Polynomial regression is really just a special case of multiple regression, which is covered in the Multiple regression chapter.  In this example we will fit a few models, as the Handbook does, and then compare the models with the extra sum of squares test, the Akaike information criterion (AIC), and the adjusted R-squared as model fit criteria.

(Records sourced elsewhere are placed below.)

lemma secular_equation_residue:
  fixes d lam c :: "nat \<Rightarrow> 'a::field" and \<delta> :: 'a
  assumes inj_d: "inj_on d {..<m}" and inj_lam: "inj_on lam {..<m+1}"
    and d_lam: "\<forall>i<m. \<forall>j<m+1. d i \<noteq> lam j"
    and secular: "\<And>j. j < m+1 \<Longrightarrow> (\<Sum>i<m. c i / (lam j - d i)) = lam j - \<delta>"
    and i: "i < m"
  shows "c i = - (\<Prod>k<m+1. d i - lam k) / (\<Prod>k\<in>{..<m}-{i}. d i - d k)"
proof -
  let ?Qd = "\<Prod>k<m. [:-d k, 1:]"
  let ?S = "\<Sum>l<m. smult (c l) (\<Prod>k\<in>{..<m}-{l}. [:-d k, 1:])"
  have "poly ?Qd (d i) = 0"
    using i by (auto simp: poly_prod intro!: bexI[of _ i])
  moreover have "poly ?S (d i) = c i * (\<Prod>k\<in>{..<m}-{i}. d i - d k)"
    unfolding poly_sum poly_smult poly_prod
    using i by (subst sum.remove[of _ i]) (auto intro!: sum.neutral bexI[of _ i])
  ultimately have "- (c i * (\<Prod>k\<in>{..<m}-{i}. d i - d k)) = poly ([:-\<delta>, 1:] * ?Qd - ?S) (d i)"
    by (simp only: poly_diff poly_mult) simp
  also have "\<dots> = poly (\<Prod>k<m+1. [:-lam k, 1:]) (d i)"
    by (rule arg_cong[OF secular_equation_poly[OF inj_lam d_lam secular]])
  also have "\<dots> = (\<Prod>k<m+1. d i - lam k)"
    by (simp only: poly_prod) simp
  finally have "- (c i * (\<Prod>k\<in>{..<m}-{i}. d i - d k)) = (\<Prod>k<m+1. d i - lam k)" .
  moreover have "(\<Prod>k\<in>{..<m}-{i}. d i - d k) \<noteq> 0"
    using inj_d i by (auto simp: inj_on_def)
  ultimately show ?thesis by (simp add: field_simps)
qed

abbreviation arrowhead_mat :: "nat \<Rightarrow> (nat \<Rightarrow> 'a::zero) \<Rightarrow> (nat \<Rightarrow> 'a) \<Rightarrow> (nat \<Rightarrow> 'a) \<Rightarrow> 'a \<Rightarrow> 'a mat" where
  "arrowhead_mat m d p q \<delta> \<equiv> four_block_mat (mat_diag m d) (mat m 1 (\<lambda>(i,_). p i))
     (mat 1 m (\<lambda>(_,j). q j)) (mat 1 1 (\<lambda>_. \<delta>))"

abbreviation arrowhead_Zinv :: "nat \<Rightarrow> (nat \<Rightarrow> complex) \<Rightarrow> (nat \<Rightarrow> complex) \<Rightarrow> (nat \<Rightarrow> complex) \<Rightarrow> complex mat" where
  "arrowhead_Zinv m d lam p \<equiv>
     stack_rows (- (mat_diag m p * cauchy_mat m (m+1) d lam)) (ones_mat 1 (m+1))"

abbreviation arrowhead_W :: "nat \<Rightarrow> (nat \<Rightarrow> complex) \<Rightarrow> (nat \<Rightarrow> complex) \<Rightarrow> (nat \<Rightarrow> complex) \<Rightarrow> complex mat" where
  "arrowhead_W m d lam q \<equiv> stack_cols (cauchy_mat (m+1) m lam d * mat_diag m q) (ones_mat (m+1) 1)"

abbreviation arrowhead_Pi ::
  "nat \<Rightarrow> (nat \<Rightarrow> complex) \<Rightarrow> (nat \<Rightarrow> complex) \<Rightarrow> (nat \<Rightarrow> complex) \<Rightarrow> (nat \<Rightarrow> complex) \<Rightarrow> complex mat" where
  "arrowhead_Pi m d lam p q \<equiv>
     - (cauchy_mat (m+1) m lam d * mat_diag m q * mat_diag m p * cauchy_mat m (m+1) d lam)
     + ones_mat (m+1) (m+1)"

lemma arrowhead_mat_carrier: "arrowhead_mat m d p q \<delta> \<in> carrier_mat (m+1) (m+1)"
  by (rule four_block_carrier_mat) auto

lemma arrowhead_Zinv_index:
  assumes "i < m+1" "k < m+1"
  shows "arrowhead_Zinv m d lam p $$ (i,k) = (if i < m then - p i / (d i - lam k) else 1)"
  using assms
  by (auto simp: stack_rows_def mat_diag_mult_left[of _ m "m+1"] cauchy_mat_def ones_mat_def)

lemma arrowhead_Zinv_carrier: "arrowhead_Zinv m d lam p \<in> carrier_mat (m+1) (m+1)"
  by (auto simp: stack_rows_def cauchy_mat_def ones_mat_def mat_diag_def)

lemma arrowhead_W_index:
  assumes "j < m+1" "i < m+1"
  shows "arrowhead_W m d lam q $$ (j,i) = (if i < m then q i / (lam j - d i) else 1)"
  using assms
  by (auto simp: stack_cols_def mat_diag_mult_right[of _ "m+1" m] cauchy_mat_def ones_mat_def)

lemma arrowhead_W_carrier: "arrowhead_W m d lam q \<in> carrier_mat (m+1) (m+1)"
  by (auto simp: stack_cols_def cauchy_mat_def ones_mat_def mat_diag_def)

lemma arrowhead_Pi_carrier: "arrowhead_Pi m d lam p q \<in> carrier_mat (m+1) (m+1)"
  by (auto simp: ones_mat_def)

lemma arrowhead_Pi_index:
  assumes "j < m+1" "k < m+1"
  shows "arrowhead_Pi m d lam p q $$ (j,k) = 1 + (\<Sum>i<m. q i / (lam j - d i) * (- p i / (d i - lam k)))"
proof -
  have "cauchy_mat (m+1) m lam d * mat_diag m q * mat_diag m p
     = cauchy_mat (m+1) m lam d * (mat_diag m q * mat_diag m p)"
    by (rule assoc_mult_mat[of _ "m+1" m _ m _ m]) (auto simp: cauchy_mat_def)
  also have "\<dots> = mat (m+1) m (\<lambda>(j,i). q i * p i / (lam j - d i))"
    unfolding mat_diag_diag by (subst mat_diag_mult_right[of _ "m+1"]) (auto simp: cauchy_mat_def)
  finally have CQP: "cauchy_mat (m+1) m lam d * mat_diag m q * mat_diag m p
     = mat (m+1) m (\<lambda>(j,i). q i * p i / (lam j - d i))" .
  have "(\<Sum>i<m. q i / (lam j - d i) * (- p i / (d i - lam k)))
      = - (\<Sum>i<m. q i * p i / (lam j - d i) * (1 / (d i - lam k)))"
    unfolding sum_negf[symmetric] by (rule sum.cong) (auto simp: divide_inverse algebra_simps)
  with CQP show ?thesis
    using assms by (simp add: cauchy_mat_def ones_mat_def scalar_prod_def atLeast0LessThan)
qed
section \<open>Clean max-USW allocations\<close>

definition profile :: "(nat \<Rightarrow> nat set) \<Rightarrow> nat \<Rightarrow> int" where
  "profile \<chi> i = int (card (\<chi> i))"

lemma is_alloc_finite: "is_alloc n m \<chi> \<Longrightarrow> i < n \<Longrightarrow> finite (\<chi> i)"
  unfolding is_alloc_def by (meson finite_atLeastLessThan finite_subset)

lemma usw_clean: "clean n L \<chi> \<Longrightarrow> usw n L \<chi> = (\<Sum>i<n. card (\<chi> i))"
  unfolding usw_def clean_def by (intro sum.cong) (auto simp: Int_absorb2)

lemma is_alloc_sum_card: "is_alloc n m \<chi> \<Longrightarrow> (\<Sum>i<n. card (\<chi> i)) = card (\<Union>i<n. \<chi> i)"
  by (subst card_UN_disjoint) (auto simp: is_alloc_finite is_alloc_def)

lemma good_alloc_sum_card_eq:
  assumes "good_alloc n m L \<chi>" "good_alloc n m L \<chi>'"
  shows "(\<Sum>i<n. card (\<chi> i)) = (\<Sum>i<n. card (\<chi>' i))"
proof -
  have "usw n L \<chi> = usw n L \<chi>'"
    using assms unfolding good_alloc_def max_usw_def by (meson le_antisym)
  then show ?thesis
    using assms usw_clean unfolding good_alloc_def by metis
qed

lemma good_alloc_card_eq_if_le:
  assumes "good_alloc n m L \<chi>" "good_alloc n m L \<chi>'"
    and "\<forall>i<n. card (\<chi> i) \<le> card (\<chi>' i)" "i < n"
  shows "card (\<chi> i) = card (\<chi>' i)"
  using sum_mono_inv[OF good_alloc_sum_card_eq[OF assms(1,2)]] assms(3,4) by simp

lemma is_alloc_patch:
  assumes "is_alloc n m \<chi>" "is_alloc n m \<chi>'"
    and "\<And>c d. c \<in> R \<Longrightarrow> d < n \<Longrightarrow> d \<notin> R \<Longrightarrow> \<chi> c \<inter> \<chi>' d = {}"
  shows "is_alloc n m (\<lambda>i. if i \<in> R then \<chi> i else \<chi>' i)"
  using assms unfolding is_alloc_def by (auto simp: disjoint_iff)

lemma good_alloc_move_item:
  assumes good: "good_alloc n m L \<chi>" and arc: "arc n L \<chi> u w"
  obtains \<chi>' where "good_alloc n m L \<chi>'" "\<And>i. i \<noteq> u \<Longrightarrow> \<chi> i \<subseteq> \<chi>' i"
    "\<forall>i<n. profile \<chi>' i = move_one (profile \<chi>) u w i"
proof -
  obtain x where x: "x \<in> \<chi> u" "x \<in> L w" and uw: "u < n" "w < n" "u \<noteq> w"
    using arc unfolding arc_def by blast
  have alloc: "is_alloc n m \<chi>" and clean: "clean n L \<chi>" and max: "max_usw n m L \<chi>"
    using good unfolding good_alloc_def by auto
  have "x < m" using alloc x uw unfolding is_alloc_def by fastforce
  have x_only_u: "x \<notin> \<chi> j" if "j < n" "j \<noteq> u" for j
    using alloc x uw that unfolding is_alloc_def by blast
  define \<chi>' where "\<chi>' = \<chi>(u := \<chi> u - {x}, w := insert x (\<chi> w))"
  have alloc': "is_alloc n m \<chi>'"
    using alloc \<open>x < m\<close> x_only_u uw unfolding is_alloc_def \<chi>'_def by (auto; blast)
  have clean': "clean n L \<chi>'" using clean x uw unfolding clean_def \<chi>'_def by auto
  have "(\<Union>i<n. \<chi>' i) = (\<Union>i<n. \<chi> i)"
    using uw x unfolding \<chi>'_def by (auto split: if_splits)
  then have "usw n L \<chi>' = usw n L \<chi>"
    using alloc alloc' clean clean' by (simp add: usw_clean is_alloc_sum_card)
  then have "good_alloc n m L \<chi>'"
    using max alloc' clean' unfolding good_alloc_def max_usw_def by simp
  moreover have "i \<noteq> u \<Longrightarrow> \<chi> i \<subseteq> \<chi>' i" for i unfolding \<chi>'_def by auto
  moreover have "\<forall>i<n. profile \<chi>' i = move_one (profile \<chi>) u w i"
  proof -
    have "finite (\<chi> u)" "finite (\<chi> w)" using is_alloc_finite[OF alloc] uw by auto
    moreover have "card (\<chi> u) \<ge> 1"
      using x \<open>finite (\<chi> u)\<close> by (metis One_nat_def Suc_leI card_gt_0_iff empty_iff)
    ultimately show ?thesis
      using uw x x_only_u[OF uw(2)] unfolding profile_def move_one_def \<chi>'_def
      by (auto simp: card_Diff_singleton)
  qed
  ultimately show thesis using that by blast
qed

lemma good_alloc_move_along_path:
  "good_alloc n m L \<chi> \<Longrightarrow> rtrancl_path (arc n L \<chi>) u xs v \<Longrightarrow> distinct (u # xs) \<Longrightarrow> xs \<noteq> [] \<Longrightarrow>
   \<exists>\<chi>'. good_alloc n m L \<chi>' \<and> (\<forall>i<n. profile \<chi>' i = move_one (profile \<chi>) u v i)"
proof (induction xs arbitrary: u \<chi>)
  case Nil
  then show ?case by simp
next
  case (Cons w ws)
  have arc: "arc n L \<chi> u w" and path: "rtrancl_path (arc n L \<chi>) w ws v"
    using Cons.prems(2) by (auto elim: rtrancl_path.cases)
  obtain \<chi>1 where \<chi>1: "good_alloc n m L \<chi>1" "\<And>i. i \<noteq> u \<Longrightarrow> \<chi> i \<subseteq> \<chi>1 i"
    "\<forall>i<n. profile \<chi>1 i = move_one (profile \<chi>) u w i"
    using good_alloc_move_item[OF Cons.prems(1) arc] by blast
  show ?case
  proof (cases "ws = []")
    case True
    then show ?thesis using path \<chi>1 by (auto elim: rtrancl_path.cases)
  next
    case False
    \<comment> \<open>only the bundle of u shrank, and u does not occur again on the path\<close>
    have "successively (arc n L \<chi>1) (w # ws)"
    proof (rule successively_mono)
      show "successively (arc n L \<chi>) (w # ws)"
        using path rtrancl_path_iff_successively by metis
      show "arc n L \<chi>1 x y" if "x \<in> set (w # ws)" "arc n L \<chi> x y" for x y
        using that Cons.prems(3) \<chi>1(2)[of x] unfolding arc_def by auto
    qed
    then have "rtrancl_path (arc n L \<chi>1) w ws v"
      using path rtrancl_path_iff_successively by metis
    then obtain \<chi>2 where \<chi>2: "good_alloc n m L \<chi>2"
      "\<forall>i<n. profile \<chi>2 i = move_one (profile \<chi>1) w v i"
      using Cons.IH[OF \<chi>1(1) _ _ False] Cons.prems(3) by auto
    have "v \<in> set ws" using rtrancl_path_last[OF path False] False by auto
    then have "u \<noteq> w" "u \<noteq> v" "w \<noteq> v" using Cons.prems(3) by auto
    then show ?thesis
      using \<chi>1(3) \<chi>2 by (intro exI[of _ \<chi>2]) (auto simp: move_one_def)
  qed
qed

lemma good_alloc_transfer:
  assumes "good_alloc n m L \<chi>" "transfer n L \<chi> u v"
  obtains \<chi>' where "good_alloc n m L \<chi>'" "\<forall>i<n. profile \<chi>' i = move_one (profile \<chi>) u v i"
  using assms good_alloc_move_along_path unfolding transfer_iff_rtrancl_path by metis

For a linear model (lm), the adjusted R-squared is included with the output of the summary(model) statement.  The AIC is produced with its own function call, AIC(model).  The extra sum of squares test is conducted with the anova function applied to two models.

For AIC, smaller is better.  For adjusted R-squared, larger is better.  A non-significant p-value for the extra sum of squares test comparing model a to model b indicates that the model with the extra terms does not significantly reduce the error sum of squares over the reduced model.  Which is to say, a non-significant p-value suggests the model with the additional terms is not better than the reduced model.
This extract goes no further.